**What the task asks:**
Answer with the exact lines of the following material from the one containing "add: u_def x_def)" through the one containing "- \<tau> k)) at_top", both end lines included.

**Exercise data:**
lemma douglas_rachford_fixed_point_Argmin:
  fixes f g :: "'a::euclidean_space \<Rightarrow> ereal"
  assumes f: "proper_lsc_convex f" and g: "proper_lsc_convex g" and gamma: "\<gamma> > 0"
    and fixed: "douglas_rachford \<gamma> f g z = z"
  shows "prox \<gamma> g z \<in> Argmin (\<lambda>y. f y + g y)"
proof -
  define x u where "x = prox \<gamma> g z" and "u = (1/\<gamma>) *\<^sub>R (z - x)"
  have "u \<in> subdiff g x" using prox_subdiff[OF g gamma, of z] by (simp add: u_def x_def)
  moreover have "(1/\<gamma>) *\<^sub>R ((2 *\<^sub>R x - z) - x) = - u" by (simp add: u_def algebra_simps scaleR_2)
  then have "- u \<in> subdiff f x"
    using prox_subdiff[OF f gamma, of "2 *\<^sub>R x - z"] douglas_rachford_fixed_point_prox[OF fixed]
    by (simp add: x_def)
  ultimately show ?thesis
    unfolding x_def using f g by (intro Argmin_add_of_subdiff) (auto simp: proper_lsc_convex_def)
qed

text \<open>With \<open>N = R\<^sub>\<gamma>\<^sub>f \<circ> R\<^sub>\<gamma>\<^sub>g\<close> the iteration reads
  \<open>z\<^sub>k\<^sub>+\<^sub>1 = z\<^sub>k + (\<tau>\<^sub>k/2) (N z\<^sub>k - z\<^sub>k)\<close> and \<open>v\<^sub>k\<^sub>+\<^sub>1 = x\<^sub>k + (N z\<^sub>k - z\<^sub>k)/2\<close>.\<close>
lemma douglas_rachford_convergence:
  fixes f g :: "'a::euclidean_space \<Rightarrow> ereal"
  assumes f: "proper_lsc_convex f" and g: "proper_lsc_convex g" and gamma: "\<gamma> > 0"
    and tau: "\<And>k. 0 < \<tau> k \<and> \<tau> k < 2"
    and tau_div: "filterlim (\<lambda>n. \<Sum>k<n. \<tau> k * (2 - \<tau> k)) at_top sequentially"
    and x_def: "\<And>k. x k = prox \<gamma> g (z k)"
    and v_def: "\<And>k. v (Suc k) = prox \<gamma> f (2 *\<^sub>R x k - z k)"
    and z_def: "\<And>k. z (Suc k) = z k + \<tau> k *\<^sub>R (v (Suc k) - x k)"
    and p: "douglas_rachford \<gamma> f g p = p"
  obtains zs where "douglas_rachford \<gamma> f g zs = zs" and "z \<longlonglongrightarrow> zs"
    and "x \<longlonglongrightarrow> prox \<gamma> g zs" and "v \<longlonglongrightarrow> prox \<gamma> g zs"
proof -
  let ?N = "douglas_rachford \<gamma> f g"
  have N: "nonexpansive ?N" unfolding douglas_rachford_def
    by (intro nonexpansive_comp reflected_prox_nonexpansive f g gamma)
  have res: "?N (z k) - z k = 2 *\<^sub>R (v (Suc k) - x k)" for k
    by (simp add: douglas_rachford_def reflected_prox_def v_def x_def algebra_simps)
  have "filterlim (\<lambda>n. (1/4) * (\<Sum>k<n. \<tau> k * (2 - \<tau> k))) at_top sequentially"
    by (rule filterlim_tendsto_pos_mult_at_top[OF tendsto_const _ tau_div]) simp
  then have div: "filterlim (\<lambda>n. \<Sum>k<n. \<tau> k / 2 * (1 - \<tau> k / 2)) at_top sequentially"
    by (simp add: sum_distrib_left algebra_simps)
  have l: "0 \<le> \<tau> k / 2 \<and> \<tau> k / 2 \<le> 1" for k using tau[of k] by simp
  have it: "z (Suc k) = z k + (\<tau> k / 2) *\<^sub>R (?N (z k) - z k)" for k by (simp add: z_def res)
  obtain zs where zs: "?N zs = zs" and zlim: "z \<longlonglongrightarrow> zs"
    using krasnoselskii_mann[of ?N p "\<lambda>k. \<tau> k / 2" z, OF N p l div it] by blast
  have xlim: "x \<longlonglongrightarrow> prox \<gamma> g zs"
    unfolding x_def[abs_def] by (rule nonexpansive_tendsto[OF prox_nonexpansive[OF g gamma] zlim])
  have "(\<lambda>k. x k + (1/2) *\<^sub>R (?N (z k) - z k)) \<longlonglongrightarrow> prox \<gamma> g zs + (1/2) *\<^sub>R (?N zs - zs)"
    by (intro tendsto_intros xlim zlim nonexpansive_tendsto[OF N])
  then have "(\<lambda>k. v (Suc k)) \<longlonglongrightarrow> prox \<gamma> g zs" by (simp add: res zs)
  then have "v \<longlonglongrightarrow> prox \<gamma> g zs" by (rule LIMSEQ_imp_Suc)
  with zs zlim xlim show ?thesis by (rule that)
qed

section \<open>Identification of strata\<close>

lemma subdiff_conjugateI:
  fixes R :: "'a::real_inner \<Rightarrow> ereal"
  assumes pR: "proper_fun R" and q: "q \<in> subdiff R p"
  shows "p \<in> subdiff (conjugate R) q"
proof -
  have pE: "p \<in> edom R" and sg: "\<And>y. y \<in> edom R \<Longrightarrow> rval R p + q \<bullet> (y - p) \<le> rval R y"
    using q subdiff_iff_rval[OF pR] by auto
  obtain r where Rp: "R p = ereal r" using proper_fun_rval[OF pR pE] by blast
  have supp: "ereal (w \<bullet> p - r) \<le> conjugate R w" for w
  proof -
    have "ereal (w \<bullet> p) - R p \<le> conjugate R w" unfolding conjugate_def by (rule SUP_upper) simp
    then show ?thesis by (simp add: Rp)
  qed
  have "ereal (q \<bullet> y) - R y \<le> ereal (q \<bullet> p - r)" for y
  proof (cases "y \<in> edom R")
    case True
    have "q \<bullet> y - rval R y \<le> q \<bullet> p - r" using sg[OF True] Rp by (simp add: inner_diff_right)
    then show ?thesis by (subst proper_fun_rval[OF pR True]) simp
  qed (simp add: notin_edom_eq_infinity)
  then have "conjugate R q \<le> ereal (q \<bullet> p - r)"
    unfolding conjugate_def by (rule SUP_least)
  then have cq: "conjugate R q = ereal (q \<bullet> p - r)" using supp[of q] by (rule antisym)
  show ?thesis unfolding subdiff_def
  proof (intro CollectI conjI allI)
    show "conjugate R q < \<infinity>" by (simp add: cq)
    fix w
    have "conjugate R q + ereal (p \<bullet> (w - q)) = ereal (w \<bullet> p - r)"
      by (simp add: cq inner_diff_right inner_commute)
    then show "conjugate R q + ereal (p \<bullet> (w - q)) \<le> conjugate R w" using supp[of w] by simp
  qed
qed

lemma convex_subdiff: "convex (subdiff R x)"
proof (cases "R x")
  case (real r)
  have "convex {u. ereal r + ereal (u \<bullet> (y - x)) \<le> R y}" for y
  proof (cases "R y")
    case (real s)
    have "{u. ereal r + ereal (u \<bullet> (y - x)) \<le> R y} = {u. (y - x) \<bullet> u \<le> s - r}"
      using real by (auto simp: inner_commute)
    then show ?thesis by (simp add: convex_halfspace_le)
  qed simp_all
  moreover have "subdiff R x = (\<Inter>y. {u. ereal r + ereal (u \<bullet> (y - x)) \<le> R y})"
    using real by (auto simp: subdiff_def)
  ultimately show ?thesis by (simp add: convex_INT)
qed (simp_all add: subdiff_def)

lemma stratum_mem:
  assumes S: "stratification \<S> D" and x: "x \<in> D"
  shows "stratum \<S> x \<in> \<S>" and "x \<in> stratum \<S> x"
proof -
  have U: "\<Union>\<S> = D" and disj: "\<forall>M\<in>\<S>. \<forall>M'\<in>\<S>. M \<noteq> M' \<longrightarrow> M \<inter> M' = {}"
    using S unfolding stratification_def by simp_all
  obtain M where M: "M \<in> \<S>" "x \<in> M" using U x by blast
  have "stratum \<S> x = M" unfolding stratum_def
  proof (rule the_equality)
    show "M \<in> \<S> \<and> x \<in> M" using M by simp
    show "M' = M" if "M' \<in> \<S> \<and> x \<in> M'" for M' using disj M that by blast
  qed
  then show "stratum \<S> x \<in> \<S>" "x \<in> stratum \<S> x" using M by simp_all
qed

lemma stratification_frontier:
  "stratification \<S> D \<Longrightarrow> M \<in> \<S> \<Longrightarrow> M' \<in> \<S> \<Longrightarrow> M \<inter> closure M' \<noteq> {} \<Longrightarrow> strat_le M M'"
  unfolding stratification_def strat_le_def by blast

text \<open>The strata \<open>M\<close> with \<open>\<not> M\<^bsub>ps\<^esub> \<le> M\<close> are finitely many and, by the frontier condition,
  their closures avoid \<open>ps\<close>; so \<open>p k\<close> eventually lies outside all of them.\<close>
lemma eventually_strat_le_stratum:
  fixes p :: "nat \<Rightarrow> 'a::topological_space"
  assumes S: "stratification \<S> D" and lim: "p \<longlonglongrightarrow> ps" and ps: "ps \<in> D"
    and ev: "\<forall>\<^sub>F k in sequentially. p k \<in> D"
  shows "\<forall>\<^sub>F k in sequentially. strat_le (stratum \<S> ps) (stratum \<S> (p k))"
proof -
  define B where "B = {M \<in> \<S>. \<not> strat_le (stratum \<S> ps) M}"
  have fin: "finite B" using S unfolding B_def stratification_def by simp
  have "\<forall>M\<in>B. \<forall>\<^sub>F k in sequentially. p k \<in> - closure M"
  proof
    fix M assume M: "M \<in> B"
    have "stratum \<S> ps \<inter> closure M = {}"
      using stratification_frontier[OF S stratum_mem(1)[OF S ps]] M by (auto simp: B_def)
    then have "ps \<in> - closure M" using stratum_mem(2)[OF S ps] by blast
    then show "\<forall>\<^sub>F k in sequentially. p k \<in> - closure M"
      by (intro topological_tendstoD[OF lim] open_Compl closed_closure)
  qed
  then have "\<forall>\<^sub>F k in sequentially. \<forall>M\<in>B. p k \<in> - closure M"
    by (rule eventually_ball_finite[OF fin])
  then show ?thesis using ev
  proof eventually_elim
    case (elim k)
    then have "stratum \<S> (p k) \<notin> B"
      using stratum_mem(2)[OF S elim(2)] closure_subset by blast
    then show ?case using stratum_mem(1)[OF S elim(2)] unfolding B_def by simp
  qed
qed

**Output for this exercise:**
  have "u \<in> subdiff g x" using prox_subdiff[OF g gamma, of z] by (simp add: u_def x_def)
  moreover have "(1/\<gamma>) *\<^sub>R ((2 *\<^sub>R x - z) - x) = - u" by (simp add: u_def algebra_simps scaleR_2)
  then have "- u \<in> subdiff f x"
    using prox_subdiff[OF f gamma, of "2 *\<^sub>R x - z"] douglas_rachford_fixed_point_prox[OF fixed]
    by (simp add: x_def)
  ultimately show ?thesis
    unfolding x_def using f g by (intro Argmin_add_of_subdiff) (auto simp: proper_lsc_convex_def)
qed

text \<open>With \<open>N = R\<^sub>\<gamma>\<^sub>f \<circ> R\<^sub>\<gamma>\<^sub>g\<close> the iteration reads
  \<open>z\<^sub>k\<^sub>+\<^sub>1 = z\<^sub>k + (\<tau>\<^sub>k/2) (N z\<^sub>k - z\<^sub>k)\<close> and \<open>v\<^sub>k\<^sub>+\<^sub>1 = x\<^sub>k + (N z\<^sub>k - z\<^sub>k)/2\<close>.\<close>
lemma douglas_rachford_convergence:
  fixes f g :: "'a::euclidean_space \<Rightarrow> ereal"
  assumes f: "proper_lsc_convex f" and g: "proper_lsc_convex g" and gamma: "\<gamma> > 0"
    and tau: "\<And>k. 0 < \<tau> k \<and> \<tau> k < 2"
    and tau_div: "filterlim (\<lambda>n. \<Sum>k<n. \<tau> k * (2 - \<tau> k)) at_top sequentially"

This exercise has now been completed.